There have been some dubious calls made over the years, but Hearts' latest bleating will take some beating.

The Edinburgh side have all but called linesman Andy Davis - the man who advised referee Hugh Dallas to award a last-minute, match-winning penalty on Wednesday night - a cheat.

They did so in a press conference they arranged themselves - and as a result they have laid themselves open to punishment.

At least they should have. The SFA are notoriously slow when it comes to meting out justice but perhaps they will be speedier when it is the integrity of one of their own men which has been called into question.

So if their case is thrown out would there be good reason to punish new Hearts owner Vladimir Romanov and his Lithuanian right-hand man Serejus Fedotovas? Perhaps.

The SFA have promised to give time over to the inquiry requested by Hearts - and now they must decide how such an undertaking might work.

It would seem near impossible to prove that a linesman was biased. There would have to be some exceptional evidence, which has not yet come to light.

Romanov, a Russian banker, has made a big play of all the cash he claims he has at his disposal to turn Hearts into contenders.

So why not relieve him of a hefty portion of it in the shape of a fine and spend the money on referee recruitment?

Who would be a referee or an assistant referee, especially after this witch-hunt?

Davis cut a lonely figure on the line at tiny Stirling Albion on Saturday, and that should give the Hearts hierarchy a clue as to how he spends his weekends.

How many hours has he spent freezing his frame off over the years officiating in games watched by one man and his dog? How many years of his life has this man given to football at various levels?

Would Mr Romanov be prepared to do the same? Just how committed a football man is he exactly?

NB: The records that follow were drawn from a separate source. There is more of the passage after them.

(* Let $N>1$ and $d\ge1$. Consider molecules with atom features $s\in\mathbb{R}^{N\times d}$ and coordinates $\vec r\in\mathbb{R}^{N\times3}$, with node identity features $\tilde s_j=\mathrm{Concatenate}(s_j,j)\in\mathbb{R}^{d+1}$, and local environments $\mathrm{LE}_i=\{(\tilde s_j,\vec r_{ij}): j\in\{1,\dots,N\}\}$. There exists a function $g$ mapping such local environments to $\mathbb{R}^{3\times 3}$ which is $\mathrm{O}(3)$-equivariant, i.e. $g(\{(\tilde s_j,\vec r_{ij}o^T)\}_j)=g(\{(\tilde s_j,\vec r_{ij})\}_j)o^T$ for all $o\in\mathrm{O}(3)$, such that for every molecule and every $i$, the matrix $\vec E_i=g(\mathrm{LE}_i)$, with $k=\mathrm{rank}(\vec E_i)$, has its first $k$ rows forming an orthonormal basis of $\mathrm{span}\{\vec r_{ij}: j=1,\dots,N\}$ and its remaining $3-k$ rows equal to zero.
   Context: $\vec r_i\in\mathbb{R}^{1\times 3}$ is row $i$ of $\vec r$, $\vec r_{ij}=\vec r_i-\vec r_j$, and $\mathrm{O}(3)=\{Q\in\mathbb{R}^{3\times3}:QQ^T=I\}$. $s_j$ is row $j$ of $s$, and the identity feature of atom $j$ is the number $j$. *)

theory Defs
  imports "HOL-Analysis.Analysis"
begin

text \<open>Node identity feature: Concatenate(s_j, j) is represented as the pair (s_j, j),
  an element of (real^'d) \<times> real (canonically isomorphic to R^(d+1)).\<close>

definition ident_feat :: "(nat \<Rightarrow> real^'d) \<Rightarrow> nat \<Rightarrow> (real^'d) \<times> real" where
  "ident_feat s j = (s j, real j)"

definition local_env :: "nat \<Rightarrow> (nat \<Rightarrow> real^'d) \<Rightarrow> (nat \<Rightarrow> real^3) \<Rightarrow> nat
    \<Rightarrow> (((real^'d) \<times> real) \<times> (real^3)) set" where
  "local_env N s r i = {(ident_feat s j, r i - r j) | j. j \<in> {1..N}}"

text \<open>Right action of Q^T on a row vector v: v Q^T, which is Q *v v in column convention.\<close>
definition act_env :: "real^3^3 \<Rightarrow> (((real^'d) \<times> real) \<times> (real^3)) set
    \<Rightarrow> (((real^'d) \<times> real) \<times> (real^3)) set" where
  "act_env Q L = (\<lambda>(f, v). (f, Q *v v)) ` L"

text \<open>The m-th row (0-based: m = 0,1,2) of a 3x3 matrix.\<close>
definition row3 :: "nat \<Rightarrow> real^3^3 \<Rightarrow> real^3" where
  "row3 m E = (if m = 0 then E $ 1 else if m = 1 then E $ 2 else E $ 3)"

end

theory Submission
  imports Defs "HOL-Library.More_List"
begin

text \<open>The identity feature j lets one read off the ordered list of relative positions
  r_i - r_1, ..., r_i - r_N from the (unordered) local environment, and an orthogonal
  transformation acts on it entrywise. Gram-Schmidt applied to this list commutes with
  orthogonal transformations, because it is built from inner products, norms and linear
  combinations only. Stacking the resulting orthonormal vectors as rows and padding with
  zero rows gives an equivariant frame whose rank is the number of nonzero rows and whose
  nonzero rows span the span of the relative positions.\<close>

definition orthonormal_list :: "'a::real_inner list \<Rightarrow> bool" where
  "orthonormal_list B \<longleftrightarrow>
     (\<forall>a<length B. \<forall>b<length B. B ! a \<bullet> B ! b = (if a = b then 1 else 0))"

definition orth_proj :: "'a::real_inner list \<Rightarrow> 'a \<Rightarrow> 'a" where
  "orth_proj B v = (\<Sum>a<length B. (v \<bullet> B ! a) *\<^sub>R B ! a)"

definition gram_schmidt_step :: "'a::real_inner list \<Rightarrow> 'a \<Rightarrow> 'a list" where
  "gram_schmidt_step B v =
     (let w = v - orth_proj B v in if w = 0 then B else B @ [sgn w])"

definition gram_schmidt :: "'a::real_inner list \<Rightarrow> 'a list" where
  "gram_schmidt vs = foldl gram_schmidt_step [] vs"

lemma orth_proj_map:
  assumes "orthogonal_transformation f"
  shows "orth_proj (map f B) (f v) = f (orth_proj B v)"
proof -
  have "linear f" and "\<And>x y. f x \<bullet> f y = x \<bullet> y"
    using assms by (auto simp: orthogonal_transformation_def)
  then show ?thesis
    unfolding orth_proj_def by (simp add: linear_sum linear_scale)
qed

lemma gram_schmidt_step_map:
  assumes "orthogonal_transformation f"
  shows "gram_schmidt_step (map f B) (f v) = map f (gram_schmidt_step B v)"
proof -
  have lin: "linear f" and norm: "\<And>x. norm (f x) = norm x"
    using assms orthogonal_transformation_linear orthogonal_transformation_norm by auto
  have "f x = 0 \<longleftrightarrow> x = 0" for x
    by (metis norm norm_eq_zero)
  moreover have "sgn (f x) = f (sgn x)" for x
    by (simp add: sgn_div_norm norm linear_scale[OF lin])
  ultimately show ?thesis
    unfolding gram_schmidt_step_def Let_def orth_proj_map[OF assms]
    by (simp add: linear_diff[OF lin, symmetric])
qed

lemma gram_schmidt_map:
  assumes "orthogonal_transformation f"
  shows "gram_schmidt (map f vs) = map f (gram_schmidt vs)"
proof -
  have "foldl gram_schmidt_step (map f B) (map f vs) = map f (foldl gram_schmidt_step B vs)" for B
    by (induction vs arbitrary: B) (simp_all add: gram_schmidt_step_map[OF assms])
  from this[of "[]"] show ?thesis
    by (simp add: gram_schmidt_def)
qed

lemma orth_proj_in_span: "orth_proj B v \<in> span (set B)"
  unfolding orth_proj_def by (intro span_sum span_mul span_base) auto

In England, referees are prevented from taking charge of games involving the club they support.

But in Scotland the picture is different, because there are fewer clubs to follow and the pull of the Old Firm is huge.

So it is understandable that an official would not want to rule himself out of taking charge of matches involving Celtic and Rangers, because these will always be at the top of the pyramid north of the border.

Hearts chairman George Foulkes, ever the politician, was also quick to jump on the bandwagon - because he knows Old Firm bias is a popular theme with the rest of the footballing family.

But that argument does not wash with Chris Robinson, the former chief executive who remains on the board and who has rejected calls for him to leave the club for years.

He has yet to do so, and there he was on Friday - leading the club's affrontery.

A quick glance at the SFA's handbook shows Robinson is a member of two of its committees as well as the board of directors.

One is, believe it or not, the referee committee. It is time the SFA threw the book at the Hearts hierarchy - starting with their own man.